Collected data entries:
BEGIN

(* Let $(t_1,s_1),(t_2,s_2)\in\mathbb{C}^\times\times\mathbb{C}^\times$ with $t_1\ne t_2$ and $s_1\neq s_2$, let $X_1=A_2(t_1,s_1)$, $X_2=A_2(t_2,s_2)$, and let $\mathfrak{M}_2^2(2)$ be the subgroup of invertible $2\times2$ complex matrices generated by $X_1,X_2$. Then for every $A\in\mathfrak{M}_2^2(2)$, either $A^{-1}=A$, or $A^{-1}=r_AI_2-A$ for some $r_A\in\mathbb{C}$.
   Context: $\mathbb{C}^\times=\mathbb{C}\setminus\{0\}$; $A_2(t,s)=\begin{pmatrix} t & s\\ \frac{1-t^2}{s} & -t\end{pmatrix}$; $I_2$ is the $2\times2$ identity matrix. *)

theory Defs
  imports "HOL-Analysis.Analysis"
begin

definition A2 :: "complex \<Rightarrow> complex \<Rightarrow> complex^2^2" where
  "A2 t s = (\<chi> i j. if i = 1 then (if j = 1 then t else s)
                     else (if j = 1 then (1 - t^2) / s else - t))"

inductive_set gen_subgroup :: "('a::field^'n^'n) set \<Rightarrow> ('a^'n^'n) set"
  for G :: "('a::field^'n^'n) set" where
  gen_one: "mat 1 \<in> gen_subgroup G"
| gen_gen: "g \<in> G \<Longrightarrow> g \<in> gen_subgroup G"
| gen_mult: "a \<in> gen_subgroup G \<Longrightarrow> b \<in> gen_subgroup G \<Longrightarrow> a ** b \<in> gen_subgroup G"
| gen_inv: "a \<in> gen_subgroup G \<Longrightarrow> matrix_inv a \<in> gen_subgroup G"

end

theory Submission imports Defs begin

text \<open>\<open>X\<^sub>1\<close> and \<open>X\<^sub>2\<close> are involutions of determinant \<open>-1\<close>, so they generate a dihedral group:
  with \<open>R = X\<^sub>1 X\<^sub>2\<close> one has \<open>X\<^sub>1 R X\<^sub>1 = R\<^sup>-\<^sup>1\<close>, hence every element is a rotation \<open>R\<^sup>k\<close> or a
  reflection \<open>R\<^sup>k X\<^sub>1\<close> (\<open>k \<in> \<int>\<close>). Reflections are involutions. Rotations have determinant 1, and
  for a \<open>2\<times>2\<close> matrix of determinant 1 Cayley--Hamilton gives \<open>A\<^sup>-\<^sup>1 = (tr A) I - A\<close>.\<close>

lemma matrix_inv_unique:
  fixes A B :: "'a::field^'n^'n"
  assumes "A ** B = mat 1"
  shows "matrix_inv A = B"
proof -
  have "B ** A = mat 1"
    using assms matrix_left_right_inverse by blast
  have inv: "A ** matrix_inv A = mat 1 \<and> matrix_inv A ** A = mat 1"
    unfolding matrix_inv_def by (rule someI[of _ B]) (use assms \<open>B ** A = mat 1\<close> in auto)
  have "matrix_inv A = (B ** A) ** matrix_inv A"
    using \<open>B ** A = mat 1\<close> by simp
  also have "\<dots> = B"
    using inv by (simp flip: matrix_mul_assoc)
  finally show ?thesis .
qed

lemma matrix_inv_right:
  fixes A :: "'a::field^'n^'n"
  assumes "invertible A"
  shows "A ** matrix_inv A = mat 1"
  using assms matrix_inv_unique unfolding invertible_def by metis

lemma matrix_inv_left:
  fixes A :: "'a::field^'n^'n"
  assumes "invertible A"
  shows "matrix_inv A ** A = mat 1"
  using matrix_inv_right[OF assms] matrix_left_right_inverse by blast

primrec matpow :: "'a::semiring_1^'n^'n \<Rightarrow> nat \<Rightarrow> 'a^'n^'n" where
  "matpow A 0 = mat 1"
| "matpow A (Suc n) = A ** matpow A n"

lemma matpow_Suc_right: "matpow A (Suc n) = matpow A n ** A"
  by (induction n) (simp_all add: matrix_mul_assoc)

lemma matpow_intertwine:
  assumes "X ** A = B ** X"
  shows "X ** matpow A n = matpow B n ** X"
proof (induction n)
  case (Suc n)
  have "X ** matpow A (Suc n) = B ** (X ** matpow A n)"
    by (simp add: matrix_mul_assoc assms)
  then show ?case
    by (simp add: Suc matrix_mul_assoc)
qed simp

definition mat_zpow :: "'a::field^'n^'n \<Rightarrow> int \<Rightarrow> 'a^'n^'n" where
  "mat_zpow A k = (if 0 \<le> k then matpow A (nat k) else matpow (matrix_inv A) (nat (-k)))"

lemma mat_zpow_0 [simp]: "mat_zpow A 0 = mat 1"
  by (simp add: mat_zpow_def)

lemma mat_zpow_neg_one [simp]: "mat_zpow A (-1) = matrix_inv A"
  by (simp add: mat_zpow_def)

lemma mat_zpow_succ:
  assumes "invertible A"
  shows "mat_zpow A k ** A = mat_zpow A (k + 1)"
proof (cases "0 \<le> k")
  case True
  then show ?thesis
    by (simp add: mat_zpow_def nat_add_distrib flip: matpow_Suc_right)
next
  case False
  then obtain j where j: "nat (-k) = Suc j"
    using not0_implies_Suc by fastforce
  have "matpow (matrix_inv A) (Suc j) ** A = matpow (matrix_inv A) j"
    by (simp only: matpow_Suc_right) (simp add: matrix_inv_left[OF assms] flip: matrix_mul_assoc)
  moreover have "nat (-(k + 1)) = j" "\<not> 0 \<le> k + 1 \<or> j = 0"
    using j False by linarith+
  ultimately show ?thesis
    using False j by (auto simp: mat_zpow_def)
qed

lemma mat_zpow_pred:
  assumes "invertible A"
  shows "mat_zpow A k ** matrix_inv A = mat_zpow A (k - 1)"
proof (cases "0 < k")
  case True
  then obtain j where j: "nat k = Suc j"
    using not0_implies_Suc by fastforce
  have "matpow A (Suc j) ** matrix_inv A = matpow A j"
    by (simp only: matpow_Suc_right) (simp add: matrix_inv_right[OF assms] flip: matrix_mul_assoc)
  moreover have "nat (k - 1) = j"
    using j by linarith
  ultimately show ?thesis
    using True j by (simp add: mat_zpow_def)
next
  case False
  then have "nat (-(k - 1)) = Suc (nat (-k))"
    by linarith
  then show ?thesis
    using False by (simp add: mat_zpow_def flip: matpow_Suc_right)
qed

lemma mat_zpow_add:
  assumes "invertible A"
  shows "mat_zpow A m ** mat_zpow A n = mat_zpow A (m + n)"
proof (induction n rule: int_induct[where k = 0])
  case (step1 i)
  have "mat_zpow A m ** mat_zpow A (i + 1) = (mat_zpow A m ** mat_zpow A i) ** A"
    by (simp add: matrix_mul_assoc mat_zpow_succ[OF assms, symmetric])
  then show ?case
    by (simp add: step1(2) mat_zpow_succ[OF assms] add.assoc)
next
  case (step2 i)
  have "mat_zpow A m ** mat_zpow A (i - 1) = (mat_zpow A m ** mat_zpow A i) ** matrix_inv A"
    by (simp add: matrix_mul_assoc mat_zpow_pred[OF assms, symmetric])
  then show ?case
    by (simp add: step2(2) mat_zpow_pred[OF assms] algebra_simps)
qed simp

lemma matrix_inv_mat_zpow:
  assumes "invertible A"
  shows "matrix_inv (mat_zpow A k) = mat_zpow A (-k)"
  by (rule matrix_inv_unique) (simp add: mat_zpow_add[OF assms])

lemma det_mat_zpow:
  fixes A :: "'a::field^'n^'n"
  assumes "det A = 1"
  shows "det (mat_zpow A k) = 1"
proof -
  have "invertible A"
    using assms invertible_det_nz by force
  then have "det A * det (matrix_inv A) = 1"
    by (metis det_I det_mul matrix_inv_right)
  then have "det (matrix_inv A) = 1"
    using assms by simp
  have "det (matpow B n) = 1" if "det B = 1" for B :: "'a^'n^'n" and n
    using that by (induction n) (simp_all add: det_mul)
  then show ?thesis
    using assms \<open>det (matrix_inv A) = 1\<close> by (simp add: mat_zpow_def)
qed

lemma mat_zpow_conj:
  assumes "invertible R" "X ** R = matrix_inv R ** X"
  shows "X ** mat_zpow R k = mat_zpow R (-k) ** X"
proof -
  have "R ** X ** R = (R ** matrix_inv R) ** X"
    by (simp add: assms(2) flip: matrix_mul_assoc)
  then have "R ** X ** R = X"
    by (simp add: matrix_inv_right[OF assms(1)])
  then have "X ** matrix_inv R = R ** X"
    by (metis assms(1) matrix_inv_right matrix_mul_assoc matrix_mul_rid)
  then show ?thesis
    using matpow_intertwine[OF assms(2)] matpow_intertwine[of X "matrix_inv R" R]
    by (simp add: mat_zpow_def)
qed

lemma mat_zpow_reflection_mult:
  assumes "invertible R" "X ** R = matrix_inv R ** X"
  shows "(mat_zpow R m ** X) ** mat_zpow R n = mat_zpow R (m - n) ** X"
proof -
  have "(mat_zpow R m ** X) ** mat_zpow R n = (mat_zpow R m ** mat_zpow R (-n)) ** X"
    by (simp add: mat_zpow_conj[OF assms] flip: matrix_mul_assoc)
  then show ?thesis
    by (simp add: mat_zpow_add[OF assms(1)])
qed

lemma mat_zpow_reflection_mult_reflection:
  assumes "invertible R" "X ** R = matrix_inv R ** X" "X ** X = mat 1"
  shows "(mat_zpow R m ** X) ** (mat_zpow R n ** X) = mat_zpow R (m - n)"
  by (simp add: matrix_mul_assoc mat_zpow_reflection_mult[OF assms(1,2)])
    (simp add: assms(3) flip: matrix_mul_assoc)

lemma matrix_inv_involution_product:
  fixes X Y :: "'a::field^'n^'n"
  assumes "X ** X = mat 1" "Y ** Y = mat 1"
  shows "matrix_inv (X ** Y) = Y ** X"
  by (rule matrix_inv_unique) (simp add: assms matrix_mul_assoc flip: matrix_mul_assoc[of X Y])

lemma invertible_involution_product:
  fixes X Y :: "'a::field^'n^'n"
  assumes "X ** X = mat 1" "Y ** Y = mat 1"
  shows "invertible (X ** Y)"
  by (metis assms invertible_right_inverse matrix_inv_involution_product matrix_inv_unique
      matrix_mul_assoc matrix_mul_rid)

lemma involution_inverts_product:
  fixes X Y :: "'a::field^'n^'n"
  assumes "X ** X = mat 1" "Y ** Y = mat 1"
  shows "X ** (X ** Y) = matrix_inv (X ** Y) ** X"
  by (metis assms matrix_inv_involution_product matrix_mul_assoc matrix_mul_lid matrix_mul_rid)

lemma gen_subgroup_two_involutions:
  fixes X Y :: "'a::field^'n^'n"
  assumes "X ** X = mat 1" "Y ** Y = mat 1" "A \<in> gen_subgroup {X, Y}"
  shows "\<exists>k. A = mat_zpow (X ** Y) k \<or> A = mat_zpow (X ** Y) k ** X"
proof -
  note R = invertible_involution_product[OF assms(1,2)]
    and conj = involution_inverts_product[OF assms(1,2)]
  from assms(3) show ?thesis
  proof (induction A rule: gen_subgroup.induct)
    case gen_one
    show ?case
      by (metis mat_zpow_0)
  next
    case (gen_gen g)
    have "Y = mat_zpow (X ** Y) (-1) ** X"
      by (metis assms(1) mat_zpow_neg_one matrix_inv_involution_product[OF assms(1,2)]
          matrix_mul_assoc matrix_mul_rid)
    moreover have "X = mat_zpow (X ** Y) 0 ** X"
      by simp
    ultimately show ?case
      using gen_gen by blast
  next
    case (gen_mult a b)
    then show ?case
      using mat_zpow_add[OF R] mat_zpow_reflection_mult[OF R conj]
        mat_zpow_reflection_mult_reflection[OF R conj assms(1)]
      by (metis matrix_mul_assoc)
  next
    case (gen_inv a)
    then obtain m where "a = mat_zpow (X ** Y) m \<or> a = mat_zpow (X ** Y) m ** X"
      by blast
    moreover have "matrix_inv (mat_zpow (X ** Y) m ** X) = mat_zpow (X ** Y) m ** X"
      by (rule matrix_inv_unique) (simp add: mat_zpow_reflection_mult_reflection[OF R conj assms(1)])
    ultimately show ?case
      using matrix_inv_mat_zpow[OF R] by metis
  qed
qed

lemma gen_subgroup_two_involutions_cases:
  fixes X Y :: "'a::field^'n^'n"
  assumes "X ** X = mat 1" "Y ** Y = mat 1" "A \<in> gen_subgroup {X, Y}"
  obtains k where "A = mat_zpow (X ** Y) k" | "A ** A = mat 1"
  using gen_subgroup_two_involutions[OF assms]
    mat_zpow_reflection_mult_reflection[OF invertible_involution_product[OF assms(1,2)]
      involution_inverts_product[OF assms(1,2)] assms(1)]
  by (metis diff_self mat_zpow_0)

lemma matrix_inv_det_one:
  fixes A :: "'a::field^2^2"
  assumes "det A = 1"
  shows "matrix_inv A = mat (trace A) - A"
  by (rule matrix_inv_unique)
    (use assms in \<open>auto simp: vec_eq_iff matrix_matrix_mult_def sum_2 forall_2 mat_def
      det_2 trace_def algebra_simps\<close>)

lemma A2_involution:
  assumes "s \<noteq> 0"
  shows "A2 t s ** A2 t s = mat 1"
  using assms unfolding A2_def
  by (auto simp: vec_eq_iff matrix_matrix_mult_def sum_2 forall_2 mat_def field_simps power2_eq_square)

lemma det_A2:
  assumes "s \<noteq> 0"
  shows "det (A2 t s) = -1"
  using assms unfolding A2_def by (simp add: det_2 field_simps power2_eq_square)

text \<open>Only \<open>s\<^sub>1, s\<^sub>2 \<noteq> 0\<close> is needed; for \<open>s = 0\<close> the entry \<open>(1 - t\<^sup>2)/s\<close> would be the junk value 0.\<close>

theorem mainTheorem12:
  fixes t1 s1 t2 s2 :: complex
  assumes "t1 \<noteq> 0" "s1 \<noteq> 0" "t2 \<noteq> 0" "s2 \<noteq> 0"
    and "t1 \<noteq> t2" "s1 \<noteq> s2"
    and "A \<in> gen_subgroup {A2 t1 s1, A2 t2 s2}"
  shows "matrix_inv A = A \<or> (\<exists>r::complex. matrix_inv A = mat r - A)"
  using A2_involution[OF assms(2)] A2_involution[OF assms(4)] assms(7)
proof (cases rule: gen_subgroup_two_involutions_cases)
  case (1 k)
  have "det (A2 t1 s1 ** A2 t2 s2) = 1"
    using det_A2 assms(2,4) by (simp add: det_mul)
  then have "det A = 1"
    using 1 det_mat_zpow by blast
  then show ?thesis
    using matrix_inv_det_one by blast
next
  case 2
  then show ?thesis
    using matrix_inv_unique by blast
qed

end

END

Work request —
Start with the first line of the data and print every line exactly. The line containing "unfolding matrix_inv_def by" is the last one to include.

Response box —
(* Let $(t_1,s_1),(t_2,s_2)\in\mathbb{C}^\times\times\mathbb{C}^\times$ with $t_1\ne t_2$ and $s_1\neq s_2$, let $X_1=A_2(t_1,s_1)$, $X_2=A_2(t_2,s_2)$, and let $\mathfrak{M}_2^2(2)$ be the subgroup of invertible $2\times2$ complex matrices generated by $X_1,X_2$. Then for every $A\in\mathfrak{M}_2^2(2)$, either $A^{-1}=A$, or $A^{-1}=r_AI_2-A$ for some $r_A\in\mathbb{C}$.
   Context: $\mathbb{C}^\times=\mathbb{C}\setminus\{0\}$; $A_2(t,s)=\begin{pmatrix} t & s\\ \frac{1-t^2}{s} & -t\end{pmatrix}$; $I_2$ is the $2\times2$ identity matrix. *)

theory Defs
  imports "HOL-Analysis.Analysis"
begin

definition A2 :: "complex \<Rightarrow> complex \<Rightarrow> complex^2^2" where
  "A2 t s = (\<chi> i j. if i = 1 then (if j = 1 then t else s)
                     else (if j = 1 then (1 - t^2) / s else - t))"

inductive_set gen_subgroup :: "('a::field^'n^'n) set \<Rightarrow> ('a^'n^'n) set"
  for G :: "('a::field^'n^'n) set" where
  gen_one: "mat 1 \<in> gen_subgroup G"
| gen_gen: "g \<in> G \<Longrightarrow> g \<in> gen_subgroup G"
| gen_mult: "a \<in> gen_subgroup G \<Longrightarrow> b \<in> gen_subgroup G \<Longrightarrow> a ** b \<in> gen_subgroup G"
| gen_inv: "a \<in> gen_subgroup G \<Longrightarrow> matrix_inv a \<in> gen_subgroup G"

end

theory Submission imports Defs begin

text \<open>\<open>X\<^sub>1\<close> and \<open>X\<^sub>2\<close> are involutions of determinant \<open>-1\<close>, so they generate a dihedral group:
  with \<open>R = X\<^sub>1 X\<^sub>2\<close> one has \<open>X\<^sub>1 R X\<^sub>1 = R\<^sup>-\<^sup>1\<close>, hence every element is a rotation \<open>R\<^sup>k\<close> or a
  reflection \<open>R\<^sup>k X\<^sub>1\<close> (\<open>k \<in> \<int>\<close>). Reflections are involutions. Rotations have determinant 1, and
  for a \<open>2\<times>2\<close> matrix of determinant 1 Cayley--Hamilton gives \<open>A\<^sup>-\<^sup>1 = (tr A) I - A\<close>.\<close>

lemma matrix_inv_unique:
  fixes A B :: "'a::field^'n^'n"
  assumes "A ** B = mat 1"
  shows "matrix_inv A = B"
proof -
  have "B ** A = mat 1"
    using assms matrix_left_right_inverse by blast
  have inv: "A ** matrix_inv A = mat 1 \<and> matrix_inv A ** A = mat 1"
    unfolding matrix_inv_def by (rule someI[of _ B]) (use assms \<open>B ** A = mat 1\<close> in auto)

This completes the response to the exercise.